We need a joint governmental founding initiative across the eu and us and any other countries to fund qualification of old antibiotics as well as developing new ones.

1 comments

> Evolving resistance comes at a cost for bacteria and over time they might loose resistance against previous antibiotics.

This is known as the "ecological fallacy".

> reversion to sensitivity is neither an immediate nor necessary outcome of selection simply because a resistant pathogen is no longer in an antibiotic-laden environment [1]

[1] "Why Do Antibiotics Exist" - https://journals.asm.org/doi/10.1128/mBio.01966-21

...that is not how I've ever heard "the ecological fallacy" used, and this is what I do for a living.
What is your line of work and how is concept of “the ecological fallacy” used there?
Epidemiology and disease ecology, particularly of antimicrobial resistant pathogens.
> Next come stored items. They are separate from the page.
(* Let $X,K$ be topological spaces, $f:X\times K\to\mathbb R$ separately continuous, and $\phi:K\to C_p(X)$ given by $\phi(y)(x)=f(x,y)$. Suppose there exist a set $\Gamma\subseteq\mathbb R^X$ and a sequence $(\mathcal U_n)_{n\in\mathbb N}$ of countable covers of $K$ such that $X$ is $\sigma_\Gamma$-$\beta$-defavorable and $(\mathcal U_n)_{n\in\mathbb N}$ is countably pair complete with respect to $(\phi,\Gamma)$. Then for every $\varepsilon>0$ there is a residual subset $R_\varepsilon$ of $X$ such that for every $(x,y)\in R_\varepsilon\times K$ there are finitely many sets $F_i\in\mathcal U_i$, $i=0,\dots,k$, with $y\in\bigcap_{i\le k}F_i$, and a neighborhood $O$ of $(x,y)$ in $X\times K$ such that $|f(x,y)-f(x',y')|<\varepsilon$ for every $(x',y')\in O\cap\big(X\times\bigcap_{i\le k}F_i\big)$.
   Context: $f$ is separately continuous if $f(x,\cdot)$ and $f(\cdot,y)$ are continuous for all $x\in X$, $y\in K$. $C_p(X)$ is the space of real continuous functions on $X$ with the pointwise convergence topology; $\mathbb R^X$ carries the product topology. A decreasing sequence $(U_n)$ of subsets of $K$ is countably pair complete with respect to $(\phi,\Gamma)$ if for any sequences $(y_n),(z_n)$ with $y_n,z_n\in U_n$ for all $n$, the sequence $(\phi(y_n)-\phi(z_n))_n$ has at least one cluster point in $\mathbb R^X$ belonging to $\Gamma$. A sequence of covers $\mathcal U_n=\{U^n_k:k\in\mathbb N\}$ of $K$ is countably pair complete with respect to $(\phi,\Gamma)$ if for each $\sigma\in\mathbb N^{\mathbb N}$ the sequence $(\bigcap_{i\le n}U^i_{\sigma(i)})_{n}$ is. The game $\mathcal J_\Gamma$ on $X$: $\beta$ first chooses a nonempty open $V_0\subseteq X$, then $\alpha$ chooses a nonempty open $U_0\subseteq V_0$ and $a_0\in X$; at step $n+1$, $\beta$ chooses a nonempty open $V_{n+1}\subseteq U_n$ and $\alpha$ a nonempty open $U_{n+1}\subseteq V_{n+1}$ and $a_{n+1}\in X$. $\alpha$ wins iff for each $g\in\Gamma$ there is $t\in\bigcap_nU_n$ with $g(t)\in\overline{\{g(a_n):n\in\mathbb N\}}$. $X$ is $\sigma_\Gamma$-$\beta$-defavorable if $\beta$ has no winning strategy in $\mathcal J_\Gamma$. A set is residual if its complement is of first category. *)

theory Defs
  imports "HOL-Analysis.Analysis"
begin

text \<open>R^X carries the product topology (instance of the function type in Function_Topology).\<close>

definition nowhere_dense :: "'a::topological_space set \<Rightarrow> bool" where
  "nowhere_dense S \<longleftrightarrow> interior (closure S) = {}"

definition first_category :: "'a::topological_space set \<Rightarrow> bool" where
  "first_category A \<longleftrightarrow> (\<exists>N :: nat \<Rightarrow> 'a set. (\<forall>n. nowhere_dense (N n)) \<and> A \<subseteq> (\<Union>n. N n))"

definition residual :: "'a::topological_space set \<Rightarrow> bool" where
  "residual R \<longleftrightarrow> first_category (- R)"

definition separately_continuous :: "('a::topological_space \<Rightarrow> 'b::topological_space \<Rightarrow> real) \<Rightarrow> bool" where
  "separately_continuous f \<longleftrightarrow> (\<forall>x. continuous_on UNIV (f x)) \<and> (\<forall>y. continuous_on UNIV (\<lambda>x. f x y))"

definition seq_cluster_point :: "(nat \<Rightarrow> 'a::topological_space) \<Rightarrow> 'a \<Rightarrow> bool" where
  "seq_cluster_point s z \<longleftrightarrow> (\<forall>W. open W \<longrightarrow> z \<in> W \<longrightarrow> (\<exists>\<^sub>F n in sequentially. s n \<in> W))"

definition seq_pair_complete ::
  "('b \<Rightarrow> ('a \<Rightarrow> real)) \<Rightarrow> ('a \<Rightarrow> real) set \<Rightarrow> (nat \<Rightarrow> 'b set) \<Rightarrow> bool" where
  "seq_pair_complete \<phi> \<Gamma> V \<longleftrightarrow>
     (\<forall>y z :: nat \<Rightarrow> 'b. (\<forall>n. y n \<in> V n \<and> z n \<in> V n) \<longrightarrow>
        (\<exists>g\<in>\<Gamma>. seq_cluster_point (\<lambda>n. \<phi> (y n) - \<phi> (z n)) g))"

text \<open>Covers: U n k is the k-th member of the n-th countable cover.\<close>
definition covers_pair_complete ::
  "('b \<Rightarrow> ('a \<Rightarrow> real)) \<Rightarrow> ('a \<Rightarrow> real) set \<Rightarrow> (nat \<Rightarrow> nat \<Rightarrow> 'b set) \<Rightarrow> bool" where
  "covers_pair_complete \<phi> \<Gamma> U \<longleftrightarrow>
     (\<forall>\<sigma> :: nat \<Rightarrow> nat. seq_pair_complete \<phi> \<Gamma> (\<lambda>n. \<Inter>i\<in>{..n}. U i (\<sigma> i)))"

text \<open>The game J_Gamma. A history is the list of alpha's moves (U_0,a_0),...,(U_n,a_n);
  a strategy of beta maps histories to beta's next move (the empty history gives V_0).\<close>
definition legal_history :: "(('a::topological_space set \<times> 'a) list \<Rightarrow> 'a set) \<Rightarrow> ('a set \<times> 'a) list \<Rightarrow> bool" where
  "legal_history s h \<longleftrightarrow>
     (\<forall>i<length h. open (fst (h ! i)) \<and> fst (h ! i) \<noteq> {} \<and> fst (h ! i) \<subseteq> s (take i h))"

definition beta_strategy :: "(('a::topological_space set \<times> 'a) list \<Rightarrow> 'a set) \<Rightarrow> bool" where
  "beta_strategy s \<longleftrightarrow> open (s []) \<and> s [] \<noteq> {} \<and>
     (\<forall>h. legal_history s h \<and> h \<noteq> [] \<longrightarrow> open (s h) \<and> s h \<noteq> {} \<and> s h \<subseteq> fst (last h))"

definition play_follows :: "(('a::topological_space set \<times> 'a) list \<Rightarrow> 'a set) \<Rightarrow> (nat \<Rightarrow> 'a set) \<Rightarrow> (nat \<Rightarrow> 'a) \<Rightarrow> bool" where
  "play_follows s U a \<longleftrightarrow>
     (\<forall>n. open (U n) \<and> U n \<noteq> {} \<and> U n \<subseteq> s (map (\<lambda>i. (U i, a i)) [0..<n]))"

definition alpha_wins :: "('a \<Rightarrow> real) set \<Rightarrow> (nat \<Rightarrow> 'a set) \<Rightarrow> (nat \<Rightarrow> 'a) \<Rightarrow> bool" where
  "alpha_wins \<Gamma> U a \<longleftrightarrow>
     (\<forall>g\<in>\<Gamma>. \<exists>t\<in>(\<Inter>n. U n). g t \<in> closure {g (a n) | n. True})"

definition sigma_beta_defavorable :: "('a::topological_space \<Rightarrow> real) set \<Rightarrow> bool" where
  "sigma_beta_defavorable \<Gamma> \<longleftrightarrow>
     \<not> (\<exists>s. beta_strategy s \<and> (\<forall>U a. play_follows s U a \<longrightarrow> \<not> alpha_wins \<Gamma> U a))"

end

theory Submission
  imports Defs
begin

text \<open>
  Fix \<open>\<epsilon>\<close> and index the finite intersections of the covers by lists \<open>\<tau>\<close> (cells). An open
  set is controlled on a cell if, for \<open>y, z\<close> in the cell, closeness (\<open>< \<epsilon>/6\<close>) of \<open>f(-,y)\<close> and
  \<open>f(-,z)\<close> at finitely many points forces \<open>|f(t,y) - f(t,z)| \<le> \<epsilon>/3\<close> on the set; near such an
  \<open>x\<close> the oscillation of \<open>f\<close> over the cell is then below \<open>\<epsilon>/3 + \<epsilon>/3\<close>. By Banach's category
  theorem the set of points uncontrolled for some \<open>y\<close> of a cell is, up to a meagre set, contained
  in the interior of the points where it is of second category (its bad core); the countably
  many meagre remainders form the complement of \<open>R\<^sub>\<epsilon>\<close>. Outside it a nonempty bad core
  would give \<beta> a winning strategy in \<open>\<J>\<^sub>\<Gamma>\<close>: \<beta> stays inside bad cores of ever longer cells and
  records \<open>y\<^sub>n, z\<^sub>n\<close> in the current cell with \<open>f(-,y\<^sub>n) - f(-,z\<^sub>n)\<close> smaller than \<open>\<epsilon>/6\<close> at
  \<alpha>'s earlier points \<open>a\<^sub>m\<close> but larger than \<open>\<epsilon>/3\<close> on its own move. Pair completeness yields a
  cluster point \<open>g \<in> \<Gamma>\<close> of these differences, with \<open>|g| \<ge> \<epsilon>/3\<close> on \<open>\<Inter>U\<^sub>n\<close> and \<open>|g(a\<^sub>m)| \<le> \<epsilon>/6\<close>,
  so \<alpha> cannot win.
\<close>

lemma nowhere_dense_iff: "nowhere_dense S \<longleftrightarrow> (\<forall>V. open V \<longrightarrow> V \<subseteq> closure S \<longrightarrow> V = {})"
  unfolding nowhere_dense_def
proof
  assume "interior (closure S) = {}"
  then show "\<forall>V. open V \<longrightarrow> V \<subseteq> closure S \<longrightarrow> V = {}"
    by (metis interior_maximal subset_empty)
qed (meson open_interior interior_subset)

lemma nowhere_dense_frontier:
  assumes "open S" shows "nowhere_dense (frontier S)"
  unfolding nowhere_dense_iff
proof (intro allI impI)
  fix V assume V: "open V" "V \<subseteq> closure (frontier S)"
  have "closure (frontier S) = closure S - S"
    using assms frontier_closed[of S] unfolding frontier_def by (simp add: interior_open)
  with V have "V \<subseteq> closure S" "V \<inter> S = {}" by auto
  then show "V = {}" using open_Int_closure_eq_empty[OF V(1), of S] by blast
qed

lemma first_category_subset: "first_category A \<Longrightarrow> B \<subseteq> A \<Longrightarrow> first_category B"
  unfolding first_category_def by blast

lemma first_category_nowhere_dense: "nowhere_dense A \<Longrightarrow> first_category A"
  unfolding first_category_def by (intro exI[of _ "\<lambda>_. A"]) auto

lemma first_category_UN:
  fixes A :: "'i::countable \<Rightarrow> 'a::topological_space set"
  assumes "\<And>i. first_category (A i)"
  shows "first_category (\<Union>i. A i)"
proof -
  obtain N :: "'i \<Rightarrow> nat \<Rightarrow> 'a set" where N: "\<And>i m. nowhere_dense (N i m)" "\<And>i. A i \<subseteq> (\<Union>m. N i m)"
    using assms unfolding first_category_def by metis
  define L where "L j = (case prod_decode j of (n, m) \<Rightarrow> N (from_nat n) m)" for j
  have "nowhere_dense (L j)" for j
    using N(1) by (simp add: L_def split: prod.split)
  moreover have "(\<Union>i. A i) \<subseteq> (\<Union>j. L j)"
  proof
    fix x assume "x \<in> (\<Union>i. A i)"
    then obtain i m where "x \<in> N i m" using N(2) by blast
    then have "x \<in> L (prod_encode (to_nat i, m))" by (simp add: L_def)
    then show "x \<in> (\<Union>j. L j)" by blast
  qed
  ultimately show ?thesis unfolding first_category_def by blast
qed

lemma first_category_Un: "first_category A \<Longrightarrow> first_category B \<Longrightarrow> first_category (A \<union> B)"
  using first_category_UN[of "\<lambda>b. if b then A else B"] by (simp add: UNIV_bool Un_commute)

lemma maximal_disjoint_subfamily:
  obtains \<M> where "\<M> \<subseteq> \<S>" "disjoint \<M>" "\<And>W. W \<in> \<S> \<Longrightarrow> disjnt W (\<Union>\<M>) \<Longrightarrow> W = {}"
proof -
  let ?Fam = "{\<M>. \<M> \<subseteq> \<S> \<and> disjoint \<M>}"
  have chain_Union: "\<Union>C \<in> ?Fam" if "C \<in> chains ?Fam" for C
  proof -
    have "C \<subseteq> ?Fam" and ch: "chain\<^sub>\<subseteq> C" using that unfolding chains_def by simp_all
    moreover have "disjoint (\<Union>C)"
    proof (rule pairwiseI)
      fix W1 W2 assume "W1 \<in> \<Union>C" "W2 \<in> \<Union>C" "W1 \<noteq> W2"
      then obtain c where "c \<in> C" "W1 \<in> c" "W2 \<in> c"
        using ch unfolding chain_subset_def by blast
      then show "disjnt W1 W2" using \<open>C \<subseteq> ?Fam\<close> \<open>W1 \<noteq> W2\<close> unfolding pairwise_def by blast
    qed
    ultimately show ?thesis by blast
  qed
  obtain \<M> where "\<M> \<in> ?Fam" and max: "\<And>X. X \<in> ?Fam \<Longrightarrow> \<M> \<subseteq> X \<Longrightarrow> X = \<M>"
    using Zorn_Lemma[OF ballI[OF chain_Union]] by metis
  then have M: "\<M> \<subseteq> \<S>" "disjoint \<M>" by simp_all
  have "W = {}" if W: "W \<in> \<S>" "disjnt W (\<Union>\<M>)" for W
  proof (rule ccontr)
    assume "W \<noteq> {}"
    then have "W \<notin> \<M>"
      using W(2) by (auto simp: disjnt_def)
    moreover have "disjnt W V" "disjnt V W" if "V \<in> \<M>" for V
      using W(2) that by (auto simp: disjnt_def)
    then have "insert W \<M> \<in> ?Fam"
      using M W(1) by (simp add: pairwise_insert)
    ultimately show False
      using max[of "insert W \<M>"] by blast
  qed
  with M show ?thesis
    by (rule that)
qed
The Wikipedia entry for it gives the definition I've always seen: "An ecological fallacy is a formal fallacy in the interpretation of statistical data that occurs when inferences about the nature of individuals are deduced from inferences about the group to which those individuals belong."

My mistake, this is not an example of “ecological fallacy”, but instead a line of reasoning that explains the assumptions that led to an “ecological fallacy” type of error.